Status: Thanks to everyone who read this! It's my first completed story on Mibba and I hope you all enjoyed it!

I Am Here

Free

They say you see your life flash before your eyes in the moments before death.

I didn’t. I saw the way I really died.

It was a long time ago. During the coldest winter recorded in our city. White flakes pummelled from the sky, drenching the streets in thick white sheets. The city was empty. As lifeless as it had ever been, but if you searched the shadows, you could see movement. The flickering heartbeat of life as young child sought shelter from the cold.

I remembered it now. I remembered my fingers were numb, seeking warmth in the cotton of my dirty white dress. Ice crusted my hair, flakes of snow sending shivers through my body. I was cold. Colder than I had ever been before. My tears froze as they ran down my cheeks, my body no longer able to hold enough heat to melt the flakes that slept on my skin.

Daring to move, I shivered out of the darkness, silently stumbling through the thick snow to the curb of the road. My body was weak. My limbs were frozen, aching as I forced them to bend, clutching at myself as if to hold myself together. As if I were an ice sculpture about to shatter. My muscles were worn, unable to hold my strength any longer and so the curb was where I stayed.

The snow was wet against my cheek as I lay frozen and waiting. Hoping that the snow would stop falling. That the sun would come out and melt the cold white ice. I was alone and afraid. My mama had died a year ago, and my aunt had refused to take me in so I was left on the streets to starve. I couldn’t blame her though. I wouldn’t want me either.

But as I waited, I realised I wasn’t as alone as I’d thought. Street lights flickered along the snow filled street, store fronts blinked to life. Ghosts of people solidified, surrounding me in such a mass that I wondered how I hadn’t seen them before. I was not alone. The city was full. Full of laughter and life.

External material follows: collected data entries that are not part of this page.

(* Let $G$ be a (possibly infinite) cyclic graph with $\mathrm{wf}(G)=\frac pq$, where $p,q$ are relatively prime integers. If $v\in V$ is periodic, then its orbit has length $q$ and winding number $\gamma_q(v)=p$.
   Context: $S^1=\mathbb{R}/\mathbb{Z}$; $\preceq$/$\prec$ clockwise order; $\vec d(p,q)\in[0,1)$ clockwise distance. A directed graph has no loops and no pair of opposite edges; $N^+[G,v]=\{v\}\cup\{w:v\to w\}$. A directed graph with vertex set $V\subseteq S^1$ is cyclic if whenever $v\to u$ is an edge, $v\to w$ and $w\to u$ are edges for all $w\in V$ with $v\prec w\prec u\prec v$. For $0\le k<n/2$, $C_n^k$ is the cyclic graph on $\{0,\dots,n-1\}$ with edges $i\to i+s\bmod n$, $1\le s\le k$; a cyclic homomorphism is a directed-graph homomorphism weakly preserving cyclic order and non-constant when the domain has a directed cycle. For finite cyclic $G$, $\mathrm{wf}(G)=\sup\{k/n:\exists$ cyclic homomorphism $C_n^k\to G\}$; in general $\mathrm{wf}(G)=\sup\{\mathrm{wf}(G[W]):W\subseteq V$ finite$\}$. For $m\ge1$, $\gamma_m(v_0)=\sup\{\sum_{i=0}^{m-1}\vec d(v_i,v_{i+1}): v_{i+1}\in N^+[G,v_i]\}$. A vertex $v$ is periodic if there is $i\ge1$ such that $\gamma_i(v)$ is an integer and the supremum defining $\gamma_i(v)$ is achieved; the length of its orbit is the least such $i$, and its winding number is $\gamma_\ell(v)$ for that least $\ell$. *)

theory Defs
  imports Complex_Main
begin

text \<open>Points of the circle S^1 = R/Z are represented by reals in [0,1).
  A directed graph is a pair (V, E) with V a set of such points and E a set of
  ordered pairs (edges v -> w).\<close>

definition cdist :: "real \<Rightarrow> real \<Rightarrow> real" where
  "cdist a b = frac (b - a)"

text \<open>Weak clockwise order a \<preceq> b \<preceq> c \<preceq> a.\<close>
definition cyc_weak :: "real \<Rightarrow> real \<Rightarrow> real \<Rightarrow> bool" where
  "cyc_weak a b c \<longleftrightarrow> cdist a b + cdist b c + cdist c a \<le> 1"

definition cyc_strict :: "real \<Rightarrow> real \<Rightarrow> real \<Rightarrow> bool" where
  "cyc_strict a b c \<longleftrightarrow> a \<noteq> b \<and> b \<noteq> c \<and> c \<noteq> a \<and> cyc_weak a b c"

definition circ_digraph :: "real set \<Rightarrow> (real \<times> real) set \<Rightarrow> bool" where
  "circ_digraph V E \<longleftrightarrow> V \<subseteq> {0..<1} \<and> E \<subseteq> V \<times> V \<and>
     (\<forall>v. (v, v) \<notin> E) \<and> (\<forall>v w. (v, w) \<in> E \<longrightarrow> (w, v) \<notin> E)"

definition cyclic_graph :: "real set \<Rightarrow> (real \<times> real) set \<Rightarrow> bool" where
  "cyclic_graph V E \<longleftrightarrow> circ_digraph V E \<and>
     (\<forall>v u w. (v, u) \<in> E \<longrightarrow> w \<in> V \<longrightarrow> cyc_strict v w u \<longrightarrow> (v, w) \<in> E \<and> (w, u) \<in> E)"

text \<open>Cyclic homomorphism C_n^k -> (W, F); vertex i of C_n^k is the point i/n of the circle.\<close>
definition cyc_hom :: "nat \<Rightarrow> nat \<Rightarrow> real set \<Rightarrow> (real \<times> real) set \<Rightarrow> (nat \<Rightarrow> real) \<Rightarrow> bool" where
  "cyc_hom n k W F f \<longleftrightarrow>
     (\<forall>i<n. f i \<in> W) \<and>
     (\<forall>i<n. \<forall>s. 1 \<le> s \<and> s \<le> k \<longrightarrow> (f i, f ((i + s) mod n)) \<in> F) \<and>
     (\<forall>i<n. \<forall>j<n. \<forall>l<n. cyc_weak (real i / real n) (real j / real n) (real l / real n)
          \<longrightarrow> cyc_weak (f i) (f j) (f l)) \<and>
     (1 \<le> k \<longrightarrow> (\<exists>i<n. \<exists>j<n. f i \<noteq> f j))"

definition wf_fin :: "real set \<Rightarrow> (real \<times> real) set \<Rightarrow> real" where
  "wf_fin W F = Sup {real k / real n | n k. 2 * k < n \<and> (\<exists>f. cyc_hom n k W F f)}"

definition winding_fraction :: "real set \<Rightarrow> (real \<times> real) set \<Rightarrow> real" where
  "winding_fraction V E = Sup {wf_fin W (E \<inter> (W \<times> W)) | W. finite W \<and> W \<subseteq> V \<and> W \<noteq> {}}"

definition out_nbhd :: "(real \<times> real) set \<Rightarrow> real \<Rightarrow> real set" where
  "out_nbhd E v = {v} \<union> {w. (v, w) \<in> E}"

definition is_walk :: "(real \<times> real) set \<Rightarrow> nat \<Rightarrow> (nat \<Rightarrow> real) \<Rightarrow> bool" where
  "is_walk E m x \<longleftrightarrow> (\<forall>i<m. x (Suc i) \<in> out_nbhd E (x i))"

definition walk_len :: "nat \<Rightarrow> (nat \<Rightarrow> real) \<Rightarrow> real" where
  "walk_len m x = (\<Sum>i<m. cdist (x i) (x (Suc i)))"

definition gamma :: "(real \<times> real) set \<Rightarrow> nat \<Rightarrow> real \<Rightarrow> real" where
  "gamma E m v = Sup {walk_len m x | x. x 0 = v \<and> is_walk E m x}"

definition gamma_attained :: "(real \<times> real) set \<Rightarrow> nat \<Rightarrow> real \<Rightarrow> bool" where
  "gamma_attained E m v \<longleftrightarrow> (\<exists>x. x 0 = v \<and> is_walk E m x \<and> walk_len m x = gamma E m v)"

definition periodic_at :: "(real \<times> real) set \<Rightarrow> real \<Rightarrow> nat \<Rightarrow> bool" where
  "periodic_at E v i \<longleftrightarrow> 1 \<le> i \<and> gamma E i v \<in> \<int> \<and> gamma_attained E i v"

definition periodic :: "(real \<times> real) set \<Rightarrow> real \<Rightarrow> bool" where
  "periodic E v \<longleftrightarrow> (\<exists>i. periodic_at E v i)"

definition orbit_length :: "(real \<times> real) set \<Rightarrow> real \<Rightarrow> nat" where
  "orbit_length E v = (LEAST i. periodic_at E v i)"

definition winding_number :: "(real \<times> real) set \<Rightarrow> real \<Rightarrow> real" where
  "winding_number E v = gamma E (orbit_length E v) v"

end

theory Submission
  imports Defs
begin

text \<open>Let l be the orbit length of v and w = gamma_l(v).  By cyclicity a walk can be shadowed
  from any vertex ahead of it without falling behind; hence walks of length m l from v have
  length at most m w.  Restricted to the vertices of an optimal l-walk, the greedy choice of
  the clockwise-furthest out-neighbour is a monotone degree-one circle map with a point of
  rotation number w / l; minimality of l forces gcd w l = 1, and that orbit then carries a
  cyclic homomorphism from C_l^w, so wf(G) >= w / l.  Conversely, a homomorphism from C_n^k
  gives walks of n l steps winding l k times, which, shadowed from v, show l k <= n w.  Thus
  wf(G) = w / l in lowest terms, i.e. l = q and w = p.\<close>

section \<open>Lifting circle points to the real line\<close>

lemma frac_eq_if_abs_less_1:
  "-1 < (x::real) \<Longrightarrow> x < 1 \<Longrightarrow> frac x = (if 0 \<le> x then x else x + 1)"
  using frac_eq[of x] frac_eq[of "x + 1"] by (auto simp: frac_1_eq)

lemma frac_add_frac: "frac (a + frac b) = frac (a + (b::real))"
proof -
  have "a + frac b = (a + b) + of_int (- \<lfloor>b\<rfloor>)" by (simp add: frac_def)
  then show ?thesis by (simp only: frac_add_of_int_right)
qed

My plea for help whispered with the wind in desperation. Begging anyone to help the child on the side of the road. To provide warmth and shelter and food. I begged to be heard. It was in vain. I was invisible. Nobody heard my cries. Nobody looked my way.

Nobody noticed the small child who was lying frozen on the curb. They were too selfish and proud to see past their own lives. The heavens cried for the child, blanketing the girl with its white tears. I was alone. I was invisible. And I was cold. I was always cold.

Nobody noticed my body as it lay lifeless beneath a layer of snow. I went to sleep alone and awoke alone. I’d never known the difference.

My death flashed before my eyes in the moments of impact. A dark shadow loomed over Leigh’s car, too close to avoid the inevitable. But I was already dead. I couldn’t die again. So I did what I could. I turned to my only friend and I lunged.

I’d hoped to protect him. To use whatever I could to shield my Leigh from the truck that threatened his safety. I was dead, but I could touch him. Surely I could protect him as well. It was too much to hope.

Leigh had turned to me already, his eyes filled with such worry and fear, but mostly with determination. I could only look on in horror as Leigh wrapped my cold dead spirited body in his arms, folding me neatly into his embrace and awaited the collision. His lips were pressed against mine. The last feeling he would ever have.

***

I was floating. Floating in a world of white, but I was not alone.

I should have known that I was dead. I should have read the signs, but what signs were there? I didn’t eat because I had no money. I wasn’t seen because I was not loved. I grew older because it was the way of life.

It all made sense to me now. In this world of white, I knew all that I needed to.

I could be seen by those who were dying. Those who could see death. Leigh’s mum, the drunken man, the patients at the hospital. Leigh.

I had waited. For the one thing that would truly make me happy. I had grown older because everything on earth does. I had waited unknowingly for Leigh and somehow he had waited for me.

I was not alone.

On one hand was my mama. On the other was Leigh. And we waited together, for the doors of the white world to open.
♠ ♠ ♠
Leigh is based on a friend I had who passed too early for his time. He hadn't yet turned 21, his eyes were always an excited blue and he had soft blonde hair that curled at the ends.

I remember seeing him the night he died, his blob of blonde hair was the last thing I saw after his little wave as he walked out of my house with my sister.
I barely said a goodbye. I simply said ‘later’, the way I always did and went back to whatever stupid meaningless show I was watching.

That night, my sister and Leigh got into a car accident. He’d fallen asleep at the wheel only a few minutes before reaching their home. He died instantly, and my sister miraculously survived. Her surviving should have been impossible. The car had been so completely destroyed that they had to break her out of it. She was found on the floor of the front passenger seat, curled up into the fetal position.

I like to think Leigh’s arms were wrapped around her for the very last time, protecting her the way I always knew he would.

I only wish I had given him a better goodbye.